This highly successful approach inspired numerous open-source reproductions and scaling efforts . OpenCLIP ( Cherti et al. , 2023 ) was the first open-source effort to replicate CLIP by training on the LAION dataset ( Schuhmann et al. , 2021 ); following works leverage pre-trained backbones by fine-tuning them in a CLIP-style manner ( Sun et al. , 2023 ; 2024 ). Recognizing that data collection is a critical factor in the success of CLIP training, MetaCLIP ( Xu et al. , 2024 ) precisely follows the original CLIP procedure to reproduce its results, whereas Fang et al. ( 2024a ) use supervised datasets to curate pretraining data.
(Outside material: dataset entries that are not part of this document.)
text \<open>Apply \<open>gw_tail_lower_bound\<close> with \<open>\<epsilon> / 4\<close> and \<open>A\<close> so large that \<open>\<sigma>2 / ((m\<^sup>2 - m) * A\<^sup>2) \<le> \<epsilon> / 4\<close>;
  insensitivity then costs a factor \<open>\<delta> = (1 - \<epsilon>) / (1 - \<epsilon> / 2)\<close> in each term.\<close>
lemma gw_tail_lower_bound_sqrt_insensitive:
  assumes ins: "sqrt_insensitive p" and \<epsilon>0: "\<epsilon> > 0"
  shows "\<exists>x0. \<forall>x\<ge>x0. \<forall>n.
           (1 - \<epsilon>) * (\<Sum>i<n. m ^ i * Fbar p (m ^ (i + 1) * x)) \<le> measure_pmf.prob (gw p n) {k. real k / m ^ n > x}"
proof (cases "\<epsilon> < 1")
  case False
  have "(1 - \<epsilon>) * (\<Sum>i<n. m ^ i * Fbar p (m ^ (i + 1) * x)) \<le> 0" for n x
    using False mean_gt_1 by (intro mult_nonpos_nonneg sum_nonneg mult_nonneg_nonneg) (auto simp: Fbar_nonneg)
  then show ?thesis by (meson measure_nonneg order.trans)
next
  case True
  define V where "V = \<sigma>2 / (m\<^sup>2 - m)"
  define A where "A = sqrt (4 * V / \<epsilon>) + 1"
  define \<delta> where "\<delta> = (1 - \<epsilon>) / (1 - \<epsilon> / 2)"
  have V0: "V \<ge> 0" using var_nonneg sq_minus_mean_pos by (simp add: V_def)
  have A0: "A > 0" using V0 \<epsilon>0 by (simp add: A_def add_nonneg_pos)
  have "4 * V / \<epsilon> \<le> A\<^sup>2"
    using V0 \<epsilon>0 real_sqrt_pow2[of "4 * V / \<epsilon>"] power_mono[of "sqrt (4 * V / \<epsilon>)" A 2]
    by (simp add: A_def)
  then have "4 * V \<le> \<epsilon> * A\<^sup>2" using \<epsilon>0 by (simp add: divide_le_eq mult.commute)
  then have "V / A\<^sup>2 \<le> \<epsilon> / 4" using A0 by (simp add: field_simps)
  then have VA: "\<sigma>2 / ((m\<^sup>2 - m) * A\<^sup>2) \<le> \<epsilon> / 4" by (simp add: V_def)
  have \<delta>1: "\<delta> < 1" and \<delta>0: "\<delta> \<ge> 0" and \<delta>: "(1 - \<epsilon> / 2) * \<delta> = 1 - \<epsilon>"
    using True \<epsilon>0 by (simp_all add: \<delta>_def divide_less_eq)
  obtain x1 where x1: "\<And>x n. x \<ge> x1 \<Longrightarrow>
      (1 - \<sigma>2 / ((m\<^sup>2 - m) * A\<^sup>2) - \<epsilon> / 4) * (\<Sum>i<n. m ^ i * Fbar p (m ^ (i + 1) * x + A * sqrt (m ^ (i + 1) * x)))
        \<le> measure_pmf.prob (gw p n) {k. real k / m ^ n > x}"
    using gw_tail_lower_bound[OF A0, of "\<epsilon> / 4"] \<epsilon>0 by auto
  obtain y0 where y0: "\<And>y. y \<ge> y0 \<Longrightarrow> \<delta> * Fbar p y \<le> Fbar p (y + A * sqrt y)"
    using sqrt_insensitive_scaled[OF ins A0 \<delta>1] by (auto simp: eventually_at_top_linorder)
  show ?thesis
  proof (intro exI[of _ "max x1 (max y0 0)"] allI impI)
    fix x n assume x: "max x1 (max y0 0) \<le> x"
    have shifted: "\<delta> * Fbar p (m ^ (i + 1) * x) \<le> Fbar p (m ^ (i + 1) * x + A * sqrt (m ^ (i + 1) * x))" for i
    proof (rule y0)
      have "1 \<le> m ^ (i + 1)" using mean_gt_1 by (intro one_le_power) simp
      then have "x \<le> m ^ (i + 1) * x" using x mult_right_mono[of 1 "m ^ (i + 1)" x] by simp
      then show "y0 \<le> m ^ (i + 1) * x" using x by linarith
    qed
    have "(1 - \<epsilon>) * (\<Sum>i<n. m ^ i * Fbar p (m ^ (i + 1) * x))
        = (1 - \<epsilon> / 2) * (\<Sum>i<n. m ^ i * (\<delta> * Fbar p (m ^ (i + 1) * x)))"
      by (simp add: sum_distrib_left mult_ac flip: \<delta>)
    also have "\<dots> \<le> (1 - \<sigma>2 / ((m\<^sup>2 - m) * A\<^sup>2) - \<epsilon> / 4) *
        (\<Sum>i<n. m ^ i * Fbar p (m ^ (i + 1) * x + A * sqrt (m ^ (i + 1) * x)))"
      using True VA mean_gt_1 shifted \<delta>0
      by (intro mult_mono sum_mono mult_left_mono sum_nonneg mult_nonneg_nonneg) (auto simp: Fbar_nonneg)
    also have "\<dots> \<le> measure_pmf.prob (gw p n) {k. real k / m ^ n > x}"
      using x by (intro x1) simp
    finally show "(1 - \<epsilon>) * (\<Sum>i<n. m ^ i * Fbar p (m ^ (i + 1) * x)) \<le> measure_pmf.prob (gw p n) {k. real k / m ^ n > x}" .
  qed
qed

end

theorem lemma2:
  fixes p :: "nat pmf"
  defines "m \<equiv> off_mean p"
  defines "\<sigma>2 \<equiv> off_var p"
  assumes var_fin: "integrable (measure_pmf p) (\<lambda>k. (real k)\<^sup>2)"
  assumes mean_gt: "m > 1"
  shows "(\<forall>A>0. \<forall>\<epsilon>>0. \<exists>x0. \<forall>x\<ge>x0. \<forall>n\<ge>1.
            measure_pmf.prob (gw p n) {k. real k / m ^ n > x}
              \<ge> (1 - \<sigma>2 / ((m\<^sup>2 - m) * A\<^sup>2) - \<epsilon>) *
                 (\<Sum>i<n. m ^ i * Fbar p (m ^ (i+1) * x + A * sqrt (m ^ (i+1) * x))))
       \<and> (sqrt_insensitive p \<longrightarrow>
           (\<forall>\<epsilon>>0. \<exists>x0. \<forall>x\<ge>x0. \<forall>n\<ge>1.
              measure_pmf.prob (gw p n) {k. real k / m ^ n > x}
                \<ge> (1 - \<epsilon>) * (\<Sum>i<n. m ^ i * Fbar p (m ^ (i+1) * x))))"
proof -
  interpret gw_second_moment p m \<sigma>2
    using var_fin mean_gt
    by unfold_locales
      (simp_all add: m_def \<sigma>2_def nn_integral_eq_off_mean nn_integral_falling2_eq_off_var[unfolded One_nat_def]
        off_var_nonneg del: of_nat_mult)
  show ?thesis
    using gw_tail_lower_bound gw_tail_lower_bound_sqrt_insensitive by meson
qed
Other works focus on improving the training loss, e.g . using a sigmoid loss in SigLIP ( Zhai et al. , 2023 ), or leveraging a pre-trained image encoder ( Zhai et al. , 2022b ). Ultimately though, the most critical components for obtaining cutting-edge foundation models are abundant high-quality data and substantial compute resources. In this vein, SigLIP 2 ( Tschannen et al. , 2025 ) and Perception Encoder (PE) ( Bolya et al. , 2025 ) achieve impressive results after training on more than 40B image-text pairs. The largest PE model is trained on 86B billion samples with a global batch size of 131K. Finally, a range of more complex and natively multimodal approaches have been proposed; these include contrastive captioning ( Yu et al. , 2022 ), masked modeling in the latent space ( Bao et al. , 2021 ; Wang et al. , 2022b ; Fang et al. , 2023 ; Wang et al. , 2023a ), and auto-regressive training ( Fini et al. , 2024 ).
【翻译】这种高度成功的方法启发了众多开源复现和扩展工作。OpenCLIP(Cherti等人,2023)是第一个通过在LAION数据集(Schuhmann等人,2021)上训练来复制CLIP的开源努力;后续工作通过以CLIP风格的方式微调预训练骨干网络来利用它们(Sun等人,2023;2024)。认识到数据收集是CLIP训练成功的关键因素,MetaCLIP(Xu等人,2024)精确遵循原始CLIP程序来复现其结果,而Fang等人(2024a)使用监督数据集来策划预训练数据。其他工作专注于改进训练损失,例如在SigLIP中使用sigmoid损失(Zhai等人,2023),或利用预训练图像编码器(Zhai等人,2022b)。然而,获得尖端基础模型的最关键组件最终是丰富的高质量数据和大量计算资源。在这方面,SigLIP 2(Tschannen等人,2025)和感知编码器(PE)(Bolya等人,2025)在超过400亿图像-文本对上训练后取得了令人印象深刻的结果。最大的PE模型在860亿样本上训练,全局批量大小为131K。最后,已经提出了一系列更复杂和本质上多模态的方法;这些包括对比标题(Yu等人,2022)、潜在空间中的掩码建模(Bao等人,2021;Wang等人,2022b;Fang等人,2023;Wang等人,2023a)和自回归训练(Fini等人,2024)。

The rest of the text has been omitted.